[Collected data]
++++
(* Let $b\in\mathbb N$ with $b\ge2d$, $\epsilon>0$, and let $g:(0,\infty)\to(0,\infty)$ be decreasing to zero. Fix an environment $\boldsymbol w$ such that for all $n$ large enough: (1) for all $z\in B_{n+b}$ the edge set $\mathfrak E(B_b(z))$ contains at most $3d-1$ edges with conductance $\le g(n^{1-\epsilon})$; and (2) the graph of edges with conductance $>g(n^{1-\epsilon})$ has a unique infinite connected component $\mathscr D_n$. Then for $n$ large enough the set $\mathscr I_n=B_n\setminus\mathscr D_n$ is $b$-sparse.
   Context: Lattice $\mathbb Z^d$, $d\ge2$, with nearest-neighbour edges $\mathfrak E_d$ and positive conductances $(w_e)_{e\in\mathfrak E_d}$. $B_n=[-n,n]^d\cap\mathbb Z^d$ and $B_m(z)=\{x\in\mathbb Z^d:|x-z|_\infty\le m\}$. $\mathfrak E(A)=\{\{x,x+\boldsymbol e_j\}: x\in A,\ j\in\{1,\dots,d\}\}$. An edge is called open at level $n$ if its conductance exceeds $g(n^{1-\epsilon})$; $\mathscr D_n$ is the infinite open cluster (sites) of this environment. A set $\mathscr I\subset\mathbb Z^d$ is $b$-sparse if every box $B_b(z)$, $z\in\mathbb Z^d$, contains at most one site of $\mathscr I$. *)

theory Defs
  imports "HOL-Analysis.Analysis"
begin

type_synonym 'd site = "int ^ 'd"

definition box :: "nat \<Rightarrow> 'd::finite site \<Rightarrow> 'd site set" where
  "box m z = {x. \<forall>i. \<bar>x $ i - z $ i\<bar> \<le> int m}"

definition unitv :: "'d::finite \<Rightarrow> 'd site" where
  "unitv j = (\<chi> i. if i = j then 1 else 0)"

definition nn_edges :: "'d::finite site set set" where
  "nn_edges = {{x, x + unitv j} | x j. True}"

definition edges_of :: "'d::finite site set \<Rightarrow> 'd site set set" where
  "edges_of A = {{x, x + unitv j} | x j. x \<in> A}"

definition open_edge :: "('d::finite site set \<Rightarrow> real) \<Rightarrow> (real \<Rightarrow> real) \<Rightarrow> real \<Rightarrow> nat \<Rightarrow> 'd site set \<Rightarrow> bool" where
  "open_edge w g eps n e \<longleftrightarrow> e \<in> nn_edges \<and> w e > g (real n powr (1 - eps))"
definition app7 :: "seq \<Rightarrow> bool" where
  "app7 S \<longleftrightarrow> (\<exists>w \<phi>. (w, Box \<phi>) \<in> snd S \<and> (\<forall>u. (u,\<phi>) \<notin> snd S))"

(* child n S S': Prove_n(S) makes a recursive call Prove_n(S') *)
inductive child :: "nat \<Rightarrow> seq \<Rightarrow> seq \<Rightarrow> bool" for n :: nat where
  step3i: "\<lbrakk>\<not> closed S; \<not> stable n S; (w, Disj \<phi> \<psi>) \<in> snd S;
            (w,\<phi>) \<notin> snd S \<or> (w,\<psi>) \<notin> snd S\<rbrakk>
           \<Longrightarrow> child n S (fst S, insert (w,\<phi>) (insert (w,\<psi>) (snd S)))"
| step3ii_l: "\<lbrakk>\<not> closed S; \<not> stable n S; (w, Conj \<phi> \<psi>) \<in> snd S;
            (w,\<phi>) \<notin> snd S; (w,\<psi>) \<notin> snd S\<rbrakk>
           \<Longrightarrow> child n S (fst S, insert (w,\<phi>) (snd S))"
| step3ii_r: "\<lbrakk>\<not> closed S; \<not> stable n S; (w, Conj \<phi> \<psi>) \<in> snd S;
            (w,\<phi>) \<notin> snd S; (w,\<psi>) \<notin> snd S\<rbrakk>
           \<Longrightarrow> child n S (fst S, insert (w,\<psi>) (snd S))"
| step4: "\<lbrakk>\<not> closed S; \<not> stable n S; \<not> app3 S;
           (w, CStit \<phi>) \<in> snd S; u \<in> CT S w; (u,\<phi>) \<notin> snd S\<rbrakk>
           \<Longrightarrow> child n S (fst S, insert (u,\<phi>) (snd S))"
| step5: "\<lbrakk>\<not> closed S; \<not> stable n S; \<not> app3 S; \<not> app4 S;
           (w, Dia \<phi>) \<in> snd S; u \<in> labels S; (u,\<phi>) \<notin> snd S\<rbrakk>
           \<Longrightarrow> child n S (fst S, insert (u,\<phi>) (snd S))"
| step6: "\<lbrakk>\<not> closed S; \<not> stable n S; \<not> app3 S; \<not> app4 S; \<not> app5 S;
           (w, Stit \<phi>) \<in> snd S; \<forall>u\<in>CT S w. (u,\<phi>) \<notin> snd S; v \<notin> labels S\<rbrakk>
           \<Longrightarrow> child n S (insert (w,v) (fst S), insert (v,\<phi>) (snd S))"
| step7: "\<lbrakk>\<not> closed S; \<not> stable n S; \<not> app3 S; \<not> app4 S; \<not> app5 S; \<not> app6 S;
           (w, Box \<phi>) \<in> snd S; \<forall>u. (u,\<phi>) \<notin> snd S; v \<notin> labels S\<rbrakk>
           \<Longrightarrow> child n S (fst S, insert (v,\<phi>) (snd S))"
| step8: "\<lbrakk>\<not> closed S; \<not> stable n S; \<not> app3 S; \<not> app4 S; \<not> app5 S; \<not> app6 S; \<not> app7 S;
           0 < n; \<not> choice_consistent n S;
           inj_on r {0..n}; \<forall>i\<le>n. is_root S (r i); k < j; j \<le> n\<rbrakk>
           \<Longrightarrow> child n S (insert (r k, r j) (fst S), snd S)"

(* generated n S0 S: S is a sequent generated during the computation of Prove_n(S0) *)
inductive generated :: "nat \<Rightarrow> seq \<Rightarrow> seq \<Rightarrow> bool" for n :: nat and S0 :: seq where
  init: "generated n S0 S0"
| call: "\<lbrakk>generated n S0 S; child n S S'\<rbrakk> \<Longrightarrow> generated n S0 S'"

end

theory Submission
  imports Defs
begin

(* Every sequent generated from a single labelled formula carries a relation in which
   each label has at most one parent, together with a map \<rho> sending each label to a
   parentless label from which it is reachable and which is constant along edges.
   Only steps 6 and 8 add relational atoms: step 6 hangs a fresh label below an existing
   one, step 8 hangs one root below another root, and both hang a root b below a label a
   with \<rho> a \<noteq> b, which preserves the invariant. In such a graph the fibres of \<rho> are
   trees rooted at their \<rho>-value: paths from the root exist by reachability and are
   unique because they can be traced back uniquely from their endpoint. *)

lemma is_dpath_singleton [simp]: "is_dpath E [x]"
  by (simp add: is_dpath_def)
++++
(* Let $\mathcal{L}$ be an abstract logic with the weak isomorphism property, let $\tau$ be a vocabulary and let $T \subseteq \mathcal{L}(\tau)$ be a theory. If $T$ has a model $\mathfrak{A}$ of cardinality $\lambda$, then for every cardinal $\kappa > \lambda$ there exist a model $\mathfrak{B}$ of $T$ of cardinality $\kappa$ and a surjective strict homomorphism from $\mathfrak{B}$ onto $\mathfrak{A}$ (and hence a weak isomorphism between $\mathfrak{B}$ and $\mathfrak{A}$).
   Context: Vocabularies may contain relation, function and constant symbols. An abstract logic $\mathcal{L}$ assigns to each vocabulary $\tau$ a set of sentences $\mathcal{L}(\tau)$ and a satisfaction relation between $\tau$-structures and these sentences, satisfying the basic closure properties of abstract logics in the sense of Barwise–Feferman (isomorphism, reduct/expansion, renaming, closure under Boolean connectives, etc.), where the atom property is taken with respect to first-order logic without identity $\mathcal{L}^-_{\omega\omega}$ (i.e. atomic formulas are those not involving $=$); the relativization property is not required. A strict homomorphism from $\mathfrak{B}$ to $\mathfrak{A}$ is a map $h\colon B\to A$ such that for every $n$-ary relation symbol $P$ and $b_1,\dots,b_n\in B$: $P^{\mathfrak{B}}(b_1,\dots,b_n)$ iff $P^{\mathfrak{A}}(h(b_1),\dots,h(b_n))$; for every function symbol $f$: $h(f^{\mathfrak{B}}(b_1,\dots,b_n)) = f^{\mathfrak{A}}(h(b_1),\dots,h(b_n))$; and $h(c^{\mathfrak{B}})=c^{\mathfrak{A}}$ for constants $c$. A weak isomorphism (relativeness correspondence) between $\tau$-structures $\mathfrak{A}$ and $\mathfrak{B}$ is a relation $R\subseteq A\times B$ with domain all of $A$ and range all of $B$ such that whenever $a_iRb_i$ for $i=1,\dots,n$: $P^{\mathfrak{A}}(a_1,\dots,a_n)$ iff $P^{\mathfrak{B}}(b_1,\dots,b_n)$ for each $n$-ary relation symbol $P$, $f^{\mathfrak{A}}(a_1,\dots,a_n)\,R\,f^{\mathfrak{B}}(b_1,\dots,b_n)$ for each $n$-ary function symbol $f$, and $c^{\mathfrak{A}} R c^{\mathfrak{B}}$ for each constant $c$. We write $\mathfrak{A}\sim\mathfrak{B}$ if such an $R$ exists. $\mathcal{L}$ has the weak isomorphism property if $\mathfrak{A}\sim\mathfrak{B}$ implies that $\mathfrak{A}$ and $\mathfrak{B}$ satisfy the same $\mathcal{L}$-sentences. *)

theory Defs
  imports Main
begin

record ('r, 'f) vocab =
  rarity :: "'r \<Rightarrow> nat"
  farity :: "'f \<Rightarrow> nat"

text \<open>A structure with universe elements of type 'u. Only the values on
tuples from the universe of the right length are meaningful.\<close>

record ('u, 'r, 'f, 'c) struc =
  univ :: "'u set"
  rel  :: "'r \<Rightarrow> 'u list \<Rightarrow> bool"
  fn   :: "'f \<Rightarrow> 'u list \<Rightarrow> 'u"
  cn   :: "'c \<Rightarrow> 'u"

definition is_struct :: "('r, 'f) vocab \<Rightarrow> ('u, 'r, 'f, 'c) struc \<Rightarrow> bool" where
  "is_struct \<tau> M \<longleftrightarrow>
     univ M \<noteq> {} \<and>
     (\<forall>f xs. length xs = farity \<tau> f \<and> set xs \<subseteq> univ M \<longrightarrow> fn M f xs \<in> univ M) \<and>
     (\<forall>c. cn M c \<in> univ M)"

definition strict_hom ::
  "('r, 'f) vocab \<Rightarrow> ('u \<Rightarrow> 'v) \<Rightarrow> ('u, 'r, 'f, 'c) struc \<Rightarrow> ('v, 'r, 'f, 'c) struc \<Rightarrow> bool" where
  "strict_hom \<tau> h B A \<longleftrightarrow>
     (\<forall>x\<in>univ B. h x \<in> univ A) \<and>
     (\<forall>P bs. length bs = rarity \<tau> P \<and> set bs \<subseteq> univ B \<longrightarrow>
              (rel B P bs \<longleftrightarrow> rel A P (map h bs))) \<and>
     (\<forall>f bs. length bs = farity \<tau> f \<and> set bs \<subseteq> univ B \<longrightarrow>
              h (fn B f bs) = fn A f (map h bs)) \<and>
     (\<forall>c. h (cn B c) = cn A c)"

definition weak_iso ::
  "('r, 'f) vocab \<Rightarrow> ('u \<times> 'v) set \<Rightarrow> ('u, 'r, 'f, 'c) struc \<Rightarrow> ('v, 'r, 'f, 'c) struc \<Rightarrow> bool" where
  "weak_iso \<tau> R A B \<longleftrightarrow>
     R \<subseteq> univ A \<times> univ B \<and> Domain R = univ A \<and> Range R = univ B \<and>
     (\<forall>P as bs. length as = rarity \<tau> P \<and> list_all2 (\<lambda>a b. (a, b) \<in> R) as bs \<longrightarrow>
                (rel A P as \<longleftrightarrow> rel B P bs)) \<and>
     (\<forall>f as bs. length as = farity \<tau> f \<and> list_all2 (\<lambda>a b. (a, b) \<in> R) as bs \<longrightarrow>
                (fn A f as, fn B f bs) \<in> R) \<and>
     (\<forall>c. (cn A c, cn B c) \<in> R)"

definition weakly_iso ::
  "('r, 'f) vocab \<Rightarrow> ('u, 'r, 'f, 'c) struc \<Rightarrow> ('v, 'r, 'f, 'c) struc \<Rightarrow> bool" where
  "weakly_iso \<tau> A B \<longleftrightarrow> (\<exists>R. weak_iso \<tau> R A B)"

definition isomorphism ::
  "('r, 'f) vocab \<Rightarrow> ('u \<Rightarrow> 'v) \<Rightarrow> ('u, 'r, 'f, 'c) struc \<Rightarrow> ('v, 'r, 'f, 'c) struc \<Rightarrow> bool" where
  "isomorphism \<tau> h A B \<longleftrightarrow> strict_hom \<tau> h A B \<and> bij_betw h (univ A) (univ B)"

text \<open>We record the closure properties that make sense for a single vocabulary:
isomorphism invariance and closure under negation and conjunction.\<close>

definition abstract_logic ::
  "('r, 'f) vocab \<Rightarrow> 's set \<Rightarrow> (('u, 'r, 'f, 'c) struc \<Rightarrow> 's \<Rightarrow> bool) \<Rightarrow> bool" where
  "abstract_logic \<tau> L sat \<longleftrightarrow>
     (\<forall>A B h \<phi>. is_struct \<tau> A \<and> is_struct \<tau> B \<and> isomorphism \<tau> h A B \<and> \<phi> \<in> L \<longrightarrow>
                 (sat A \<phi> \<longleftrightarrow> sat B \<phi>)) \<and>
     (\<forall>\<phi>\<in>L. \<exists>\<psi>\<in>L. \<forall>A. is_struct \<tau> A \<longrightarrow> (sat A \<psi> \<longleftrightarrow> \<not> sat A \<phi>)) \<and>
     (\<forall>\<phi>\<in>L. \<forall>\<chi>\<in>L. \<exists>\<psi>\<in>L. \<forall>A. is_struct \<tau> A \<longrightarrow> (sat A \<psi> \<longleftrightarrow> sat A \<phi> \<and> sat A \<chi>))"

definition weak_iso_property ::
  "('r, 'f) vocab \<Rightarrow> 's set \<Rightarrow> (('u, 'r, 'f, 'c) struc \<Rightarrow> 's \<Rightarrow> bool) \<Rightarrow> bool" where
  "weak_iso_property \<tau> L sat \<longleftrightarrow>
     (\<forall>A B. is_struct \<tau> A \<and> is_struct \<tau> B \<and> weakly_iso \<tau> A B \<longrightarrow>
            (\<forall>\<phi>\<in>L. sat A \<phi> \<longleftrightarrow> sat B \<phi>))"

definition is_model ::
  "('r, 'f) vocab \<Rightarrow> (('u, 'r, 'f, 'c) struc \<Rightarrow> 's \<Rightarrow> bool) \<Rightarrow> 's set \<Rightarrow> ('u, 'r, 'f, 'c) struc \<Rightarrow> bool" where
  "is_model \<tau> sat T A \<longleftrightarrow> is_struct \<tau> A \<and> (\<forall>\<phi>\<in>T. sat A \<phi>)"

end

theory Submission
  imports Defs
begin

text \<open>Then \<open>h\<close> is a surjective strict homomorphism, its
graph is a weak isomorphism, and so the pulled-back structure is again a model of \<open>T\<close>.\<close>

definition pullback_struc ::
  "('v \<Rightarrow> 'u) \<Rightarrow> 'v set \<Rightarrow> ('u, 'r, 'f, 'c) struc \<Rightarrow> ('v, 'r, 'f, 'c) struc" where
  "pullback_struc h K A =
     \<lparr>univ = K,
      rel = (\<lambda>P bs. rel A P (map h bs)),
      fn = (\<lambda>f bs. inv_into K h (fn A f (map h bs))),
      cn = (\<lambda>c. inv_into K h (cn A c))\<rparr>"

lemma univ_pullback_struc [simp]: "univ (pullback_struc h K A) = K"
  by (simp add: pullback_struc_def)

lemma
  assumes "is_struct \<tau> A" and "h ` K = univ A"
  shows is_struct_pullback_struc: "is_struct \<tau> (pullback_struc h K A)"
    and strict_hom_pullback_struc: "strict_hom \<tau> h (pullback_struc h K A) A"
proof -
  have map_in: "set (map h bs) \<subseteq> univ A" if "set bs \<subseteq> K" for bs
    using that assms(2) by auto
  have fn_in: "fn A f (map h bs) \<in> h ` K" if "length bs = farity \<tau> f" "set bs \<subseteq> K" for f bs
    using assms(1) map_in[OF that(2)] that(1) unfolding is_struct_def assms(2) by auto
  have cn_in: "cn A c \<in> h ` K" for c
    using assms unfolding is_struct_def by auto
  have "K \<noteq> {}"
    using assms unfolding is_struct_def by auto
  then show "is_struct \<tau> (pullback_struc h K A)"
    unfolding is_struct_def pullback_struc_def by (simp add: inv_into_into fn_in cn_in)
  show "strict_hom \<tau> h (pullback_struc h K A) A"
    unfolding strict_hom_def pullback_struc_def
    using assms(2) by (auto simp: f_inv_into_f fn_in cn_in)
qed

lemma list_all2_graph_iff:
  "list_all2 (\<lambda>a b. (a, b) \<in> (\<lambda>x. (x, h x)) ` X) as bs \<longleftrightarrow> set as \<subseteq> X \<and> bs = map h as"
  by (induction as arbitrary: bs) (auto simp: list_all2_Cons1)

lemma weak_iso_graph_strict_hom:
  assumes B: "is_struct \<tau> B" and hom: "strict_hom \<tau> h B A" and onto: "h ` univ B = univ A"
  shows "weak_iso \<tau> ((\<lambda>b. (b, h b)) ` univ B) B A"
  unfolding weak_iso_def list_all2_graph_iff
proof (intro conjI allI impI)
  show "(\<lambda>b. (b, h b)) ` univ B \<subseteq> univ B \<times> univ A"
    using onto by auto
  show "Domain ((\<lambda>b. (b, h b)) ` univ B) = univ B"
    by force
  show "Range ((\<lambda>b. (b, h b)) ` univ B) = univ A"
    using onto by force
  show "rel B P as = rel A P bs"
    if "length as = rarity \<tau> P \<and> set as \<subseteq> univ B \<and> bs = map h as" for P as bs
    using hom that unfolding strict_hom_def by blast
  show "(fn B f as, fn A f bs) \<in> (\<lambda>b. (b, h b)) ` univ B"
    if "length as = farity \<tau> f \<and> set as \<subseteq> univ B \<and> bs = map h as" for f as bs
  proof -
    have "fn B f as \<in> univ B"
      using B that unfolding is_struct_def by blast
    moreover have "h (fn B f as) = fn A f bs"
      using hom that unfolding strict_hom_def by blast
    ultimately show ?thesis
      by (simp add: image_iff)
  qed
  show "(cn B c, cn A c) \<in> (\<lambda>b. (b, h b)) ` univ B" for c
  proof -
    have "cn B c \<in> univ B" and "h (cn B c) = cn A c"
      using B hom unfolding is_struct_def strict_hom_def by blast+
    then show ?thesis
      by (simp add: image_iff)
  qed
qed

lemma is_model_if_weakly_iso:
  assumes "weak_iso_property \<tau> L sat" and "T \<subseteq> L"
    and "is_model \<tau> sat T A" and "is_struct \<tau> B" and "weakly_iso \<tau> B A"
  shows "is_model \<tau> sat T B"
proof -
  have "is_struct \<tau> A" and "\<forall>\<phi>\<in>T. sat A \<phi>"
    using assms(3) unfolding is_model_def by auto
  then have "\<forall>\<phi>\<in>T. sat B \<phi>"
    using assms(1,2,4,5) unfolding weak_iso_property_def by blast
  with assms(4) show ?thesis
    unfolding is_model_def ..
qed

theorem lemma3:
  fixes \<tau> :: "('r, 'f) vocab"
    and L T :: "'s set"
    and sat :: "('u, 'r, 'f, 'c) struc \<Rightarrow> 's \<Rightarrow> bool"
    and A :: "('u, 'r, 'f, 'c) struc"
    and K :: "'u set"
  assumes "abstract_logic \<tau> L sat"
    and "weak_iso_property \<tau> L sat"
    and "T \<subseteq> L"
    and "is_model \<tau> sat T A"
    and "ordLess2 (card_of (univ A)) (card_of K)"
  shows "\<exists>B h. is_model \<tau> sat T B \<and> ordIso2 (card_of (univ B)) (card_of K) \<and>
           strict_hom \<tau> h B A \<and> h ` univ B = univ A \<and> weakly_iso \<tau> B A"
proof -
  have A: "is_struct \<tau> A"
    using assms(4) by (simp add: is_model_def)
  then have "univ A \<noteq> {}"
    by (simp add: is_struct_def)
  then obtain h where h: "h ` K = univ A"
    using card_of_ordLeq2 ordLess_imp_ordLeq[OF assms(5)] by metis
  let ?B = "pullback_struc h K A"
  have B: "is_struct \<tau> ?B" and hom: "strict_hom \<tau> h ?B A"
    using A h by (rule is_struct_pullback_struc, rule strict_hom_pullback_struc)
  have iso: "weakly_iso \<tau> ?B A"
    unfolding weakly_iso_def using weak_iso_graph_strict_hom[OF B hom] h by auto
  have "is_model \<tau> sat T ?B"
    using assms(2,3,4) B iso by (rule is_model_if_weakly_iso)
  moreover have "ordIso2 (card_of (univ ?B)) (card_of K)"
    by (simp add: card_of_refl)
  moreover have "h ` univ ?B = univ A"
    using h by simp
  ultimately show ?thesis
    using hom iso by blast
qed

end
++++
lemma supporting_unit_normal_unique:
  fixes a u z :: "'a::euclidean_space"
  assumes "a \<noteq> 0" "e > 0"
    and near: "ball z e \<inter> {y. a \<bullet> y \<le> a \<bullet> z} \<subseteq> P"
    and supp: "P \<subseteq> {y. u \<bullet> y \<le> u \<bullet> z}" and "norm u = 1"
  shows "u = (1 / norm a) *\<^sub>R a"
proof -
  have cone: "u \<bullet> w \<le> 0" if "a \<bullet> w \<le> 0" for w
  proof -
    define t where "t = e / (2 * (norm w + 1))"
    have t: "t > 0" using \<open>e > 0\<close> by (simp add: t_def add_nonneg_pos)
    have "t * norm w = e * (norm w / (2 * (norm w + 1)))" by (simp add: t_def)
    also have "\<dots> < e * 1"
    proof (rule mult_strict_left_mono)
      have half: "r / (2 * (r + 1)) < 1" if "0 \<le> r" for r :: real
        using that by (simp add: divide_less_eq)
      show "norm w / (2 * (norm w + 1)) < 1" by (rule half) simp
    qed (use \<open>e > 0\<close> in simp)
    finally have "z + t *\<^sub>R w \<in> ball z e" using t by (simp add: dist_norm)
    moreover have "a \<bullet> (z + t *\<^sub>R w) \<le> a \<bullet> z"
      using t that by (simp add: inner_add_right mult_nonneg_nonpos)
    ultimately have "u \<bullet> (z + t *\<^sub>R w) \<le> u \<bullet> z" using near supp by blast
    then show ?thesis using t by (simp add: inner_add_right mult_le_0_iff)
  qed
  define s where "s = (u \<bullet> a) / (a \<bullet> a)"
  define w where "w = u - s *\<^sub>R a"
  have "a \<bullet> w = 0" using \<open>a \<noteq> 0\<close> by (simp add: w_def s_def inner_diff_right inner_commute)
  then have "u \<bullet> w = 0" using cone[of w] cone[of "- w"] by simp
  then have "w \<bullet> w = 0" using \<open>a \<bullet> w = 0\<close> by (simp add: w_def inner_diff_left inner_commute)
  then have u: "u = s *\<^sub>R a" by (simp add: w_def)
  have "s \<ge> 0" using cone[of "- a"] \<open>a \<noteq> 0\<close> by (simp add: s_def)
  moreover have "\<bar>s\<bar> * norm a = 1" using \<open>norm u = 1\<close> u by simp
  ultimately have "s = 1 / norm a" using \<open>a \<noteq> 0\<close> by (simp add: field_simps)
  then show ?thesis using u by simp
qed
++++
Proceeding from the line containing "(fn B f as)" through the line containing "then obtain h", transcribe the lines above exactly, both end lines included.

    moreover have "h (fn B f as) = fn A f bs"
      using hom that unfolding strict_hom_def by blast
    ultimately show ?thesis
      by (simp add: image_iff)
  qed
  show "(cn B c, cn A c) \<in> (\<lambda>b. (b, h b)) ` univ B" for c
  proof -
    have "cn B c \<in> univ B" and "h (cn B c) = cn A c"
      using B hom unfolding is_struct_def strict_hom_def by blast+
    then show ?thesis
      by (simp add: image_iff)
  qed
qed

lemma is_model_if_weakly_iso:
  assumes "weak_iso_property \<tau> L sat" and "T \<subseteq> L"
    and "is_model \<tau> sat T A" and "is_struct \<tau> B" and "weakly_iso \<tau> B A"
  shows "is_model \<tau> sat T B"
proof -
  have "is_struct \<tau> A" and "\<forall>\<phi>\<in>T. sat A \<phi>"
    using assms(3) unfolding is_model_def by auto
  then have "\<forall>\<phi>\<in>T. sat B \<phi>"
    using assms(1,2,4,5) unfolding weak_iso_property_def by blast
  with assms(4) show ?thesis
    unfolding is_model_def ..
qed

theorem lemma3:
  fixes \<tau> :: "('r, 'f) vocab"
    and L T :: "'s set"
    and sat :: "('u, 'r, 'f, 'c) struc \<Rightarrow> 's \<Rightarrow> bool"
    and A :: "('u, 'r, 'f, 'c) struc"
    and K :: "'u set"
  assumes "abstract_logic \<tau> L sat"
    and "weak_iso_property \<tau> L sat"
    and "T \<subseteq> L"
    and "is_model \<tau> sat T A"
    and "ordLess2 (card_of (univ A)) (card_of K)"
  shows "\<exists>B h. is_model \<tau> sat T B \<and> ordIso2 (card_of (univ B)) (card_of K) \<and>
           strict_hom \<tau> h B A \<and> h ` univ B = univ A \<and> weakly_iso \<tau> B A"
proof -
  have A: "is_struct \<tau> A"
    using assms(4) by (simp add: is_model_def)
  then have "univ A \<noteq> {}"
    by (simp add: is_struct_def)
  then obtain h where h: "h ` K = univ A"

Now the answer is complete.